The following is an excerpt from our recently published whitepaper, “The Failed Promises of SIEM: How Next-Generation Cybersecurity Platforms are Solving the Problems Created by Outdated Tools,” in which we discuss the ways in which SIEM has failed to deliver on promises made to the cybersecurity industry and why cyber teams must instead turn to a next generation platform powered by unsupervised AI to navigate the ever evolving threatscape of 2020 and effectively defend against modern threats and bad actors.

The Evolution of SIEM

It should be noted that SIEM platforms are exceptionally effective at what they initially were intended for: providing enterprise teams with a central repository of log information that would allow them to conduct search and investigation activities against machine-generated data. If this was all an enterprise cybersecurity team needed in 2020 to thwart attacks and stop bad actors from infiltrating their systems, SIEM would truly be the cybersecurity silver bullet that it claims to be.

The functionality of SIEMs does allow organizations to benefit from several significant features:

  1. The ability to access historical data made it possible to comply with rapidly changing compliance requirements in an efficient, effective way.
  2. Aggregating and analyzing network events captured by endpoints and machine-generated data sources to provide greater visibility into network infrastructure challenges.
  3. Providing search and investigative capabilities.
  4. Serving as a log collection point.

Over time, SOC teams recognized additional potential uses for the SIEM framework. But one of the fundamental foundations for the establishment and rise of the SIEM market was the compliance factor. The question now is whether these compliance platforms were built for modern cybersecurity challenges.

Join our free webinar, “The Failed Promises of SIEM: Solving the Problems Created by Outdated Cybersecurity Tools,” this Wednesday, October 14th at 11am PST


Gartner Defines SIEM

While SIEM-like processes were not entirely new among security operation centers (SOCs) in the early 2000s, the industry didn’t recognize SIEM as a term until it was coined in 2005 by two Gartner security analysts, Mark Nicolett and Amrit Williams. Gartner’s SIEM report, Improve IT Security with Vulnerability Management, proposed a new kind of security information platform based on two previous generations:

First-generation Security Information Management (SIM) approaches were built on top of traditional log collection and management systems. These systems benefitted from game-changing features like long-term storage and analysis capabilities. SIM also introduced the ability to evaluate combined logs with threat intelligence. 

Security Event Management (SEM) second-generation platforms addressed security events. These systems could aggregate, correlate, and notify analysts about security events based on triggers from antivirus programs, firewalls, and intrusion detection systems (IDS). They could also handle events reported directly by authentication, SNMP traps, servers and network databases. 

Over time, SOC teams recognized additional potential uses for the SIEM framework. Additional collections of queries, dashboards, and recording capabilities layered on top of the SIEM system allowed them to address specific user requirements. 

NIST Identifies Benefits of SIEM Software

Later in 2006, NIST described SIEM in its Guide to Computer Security Log Management. The standards agency identified two main types of SIEM: agentless and agent-based. 
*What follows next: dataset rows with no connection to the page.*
theorem lemma10:
  fixes n :: nat and c :: "nat \<Rightarrow> complex" and rr :: real
    and f :: "nat \<Rightarrow> real" and g :: "nat \<Rightarrow> int"
    and lv :: "nat \<Rightarrow> real option" and pos :: "nat \<Rightarrow> real \<Rightarrow> nat"
    and i0 :: nat and th0 :: real and k :: nat and t :: real
  assumes "trajectory_system n c rr"
    and "distinct_links n c rr"
    and "sync_schedule n c rr f g"
    and "scs_run n c rr f g lv pos"
    and "i0 < n"
    and "ring_length_is n c rr g i0 th0 (2 * real k * pi)"
    and "t \<ge> 0"
  shows "card (robots_in_ring n c rr f g lv pos i0 th0 t) \<le> k \<and>
    ((\<forall>r<n. present lv r t) \<longrightarrow> card (robots_in_ring n c rr f g lv pos i0 th0 t) = k)"
proof -
  let ?R = "{r. r < n \<and> present lv r t}" and ?C = "ring_circles n c rr f g i0 th0 t"
  let ?A = "robots_in_ring n c rr f g lv pos i0 th0 t" and ?pos = "\<lambda>r. pos r t"
  have inj: "inj_on ?pos ?R"
    using distinct_circles[OF assms(3,2,4,7)] unfolding distinct_circles_def .
  have on_circles: "r < n \<Longrightarrow> present lv r t \<Longrightarrow> pos r t < n" for r
    using scs_run_on_circles[OF assms(4) _ assms(7)] .
  have A: "?A = {r \<in> ?R. pos r t \<in> ?C}"
    unfolding robots_in_ring_def ring_circles_def using on_circles by blast
  have C: "card ?C = k" using card_ring_circles[OF assms(3,5,6)] .
  have inj_A: "inj_on ?pos ?A" using inj unfolding A by (rule inj_on_subset) blast
  have "finite ?C" unfolding ring_circles_def by simp
  moreover have "?pos ` ?A \<subseteq> ?C" unfolding A by blast
  ultimately have "card ?A \<le> k" using card_inj_on_le[OF inj_A] C by blast
  moreover have "card ?A = k" if "\<forall>r<n. present lv r t"
  proof -
    have R: "?R = {..<n}" using that by auto
    then have "?pos ` {..<n} = {..<n}" using endo_inj_surj[of "{..<n}" ?pos] inj on_circles that by auto
    then have "?pos ` ?A = ?C" unfolding A R ring_circles_def by auto
    then show ?thesis using card_image[OF inj_A] C by simp
  qed
  ultimately show ?thesis by blast
qed

end
lemma feasP2_spread:
  assumes k: "1 \<le> k" and R: "feasR1 n E k Z X"
  shows "feasP2 n E k (spread k Z X)"
  unfolding feasP2_def
proof (intro conjI)
  have k0: "0 < real k" using k by simp
  have symZ: "sym_on {..<n} Z" and symX: "sym_on {..<n} X" and Xd: "\<forall>i<n. X i i = 0"
    and nonneg: "\<forall>i<n. \<forall>j<n. 0 \<le> Z i j \<and> 0 \<le> X i j"
    and row: "\<forall>i<n. \<forall>j<n. i \<noteq> j \<longrightarrow> 0 \<le> Z i i - Z i j - (real k - 1) * X i j"
    using R unfolding feasR1_def by simp_all
  show "sym_on (blk k n) (spread k Z X)"
    using symZ symX unfolding sym_on_def blk_def by (auto simp: spread_apply)
  show "\<forall>r<k. \<forall>i j. {i, j} \<in> E \<longrightarrow> spread k Z X (r, i) (r, j) = 0"
    using R unfolding feasR1_def by (simp add: spread_apply)
  show "\<forall>i<n. \<forall>r<k. \<forall>l<k. r \<noteq> l \<longrightarrow> spread k Z X (r, i) (l, i) = 0"
    using Xd by (simp add: spread_apply)
  show "\<forall>a\<in>blk k n. \<forall>b\<in>blk k n. 0 \<le> spread k Z X a b"
    using nonneg unfolding blk_def by (auto simp: spread_def)
  show "psd_on (bidx (blk k n)) (bordered (\<lambda>a. spread k Z X a a) (spread k Z X))"
    using psd_on_bordered_spread[OF k] R unfolding feasR1_def by simp
  show "\<forall>i<n. \<forall>j<n. j < i \<longrightarrow> 0 \<le> 1 - (\<Sum>r<k. spread k Z X (r, i) (r, i))
      - (\<Sum>r<k. spread k Z X (r, j) (r, j)) + (\<Sum>r<k. \<Sum>l<k. spread k Z X (r, i) (l, j))"
    using R k unfolding feasR1_def by (simp add: add.assoc)
  show "\<forall>i<n. \<forall>j<n. i \<noteq> j \<longrightarrow> (\<forall>l<k. 0 \<le> spread k Z X (l, i) (l, i) - (\<Sum>r<k. spread k Z X (r, i) (l, j)))"
  proof (intro allI impI)
    fix i j l assume "i < n" "j < n" "i \<noteq> j" "l < k"
    with row k0 have "0 \<le> (Z i i - Z i j - (real k - 1) * X i j) / real k" by simp
    with \<open>l < k\<close> show "0 \<le> spread k Z X (l, i) (l, i) - (\<Sum>r<k. spread k Z X (r, i) (l, j))"
      by (simp add: diff_divide_distrib add_divide_distrib)
  qed
qed

text \<open>Block \<open>k\<close> carries the complementary indicator \<open>1 - \<Sum>\<^sub>r x\<^sub>r\<close>.\<close>
definition spread_ext :: "nat \<Rightarrow> (nat \<Rightarrow> nat \<Rightarrow> real) \<Rightarrow> (nat \<Rightarrow> nat \<Rightarrow> real) \<Rightarrow> nat \<times> nat \<Rightarrow> nat \<times> nat \<Rightarrow> real" where
  "spread_ext k Z X a b = (let i = snd a; j = snd b in
     if fst a < k \<and> fst b < k then spread k Z X a b
     else if fst a < k then (Z i i - Z i j - (real k - 1) * X i j) / real k
     else if fst b < k then (Z j j - Z i j - (real k - 1) * X i j) / real k
     else 1 - Z i i - Z j j + Z i j + (real k - 1) * X i j)"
Agentless SIEM, according to NIST, “receives data from the individual log generating hosts without needing to have any special software installed on those hosts.” Then, the server “performs event filtering and aggregation and log normalization and analysis on the collected logs.” 

NIST concluded that the primary advantage of the agentless approach is that agents do not need to be installed, configured, and maintained on each logging host. However, NIST recognized that a “lack of filtering and aggregation at the individual host level could cause significantly larger amounts of data to be transferred over networks and increase the amount of time it takes to filter and analyze the logs.”

Authentication, NIST, wrote, was another concern. If the agentless SIEM software needed to obtain authentication credentials for each logging host, an agent would likely need to be installed to remotely collect logs. 

In the guide, NIST described Agent-Based SIEM as a program installed on the log generating host to “perform event filtering and aggregation and log normalization for a particular type of log, then transmit the normalized log data to a SIEM server, usually on a real-time or near-real-time basis for analysis and storage.” 

NIST explained that a SIEM server analyzes data from the various log sources, correlates events among the log entries, identifies and prioritizes significant events and can initiate responses to events.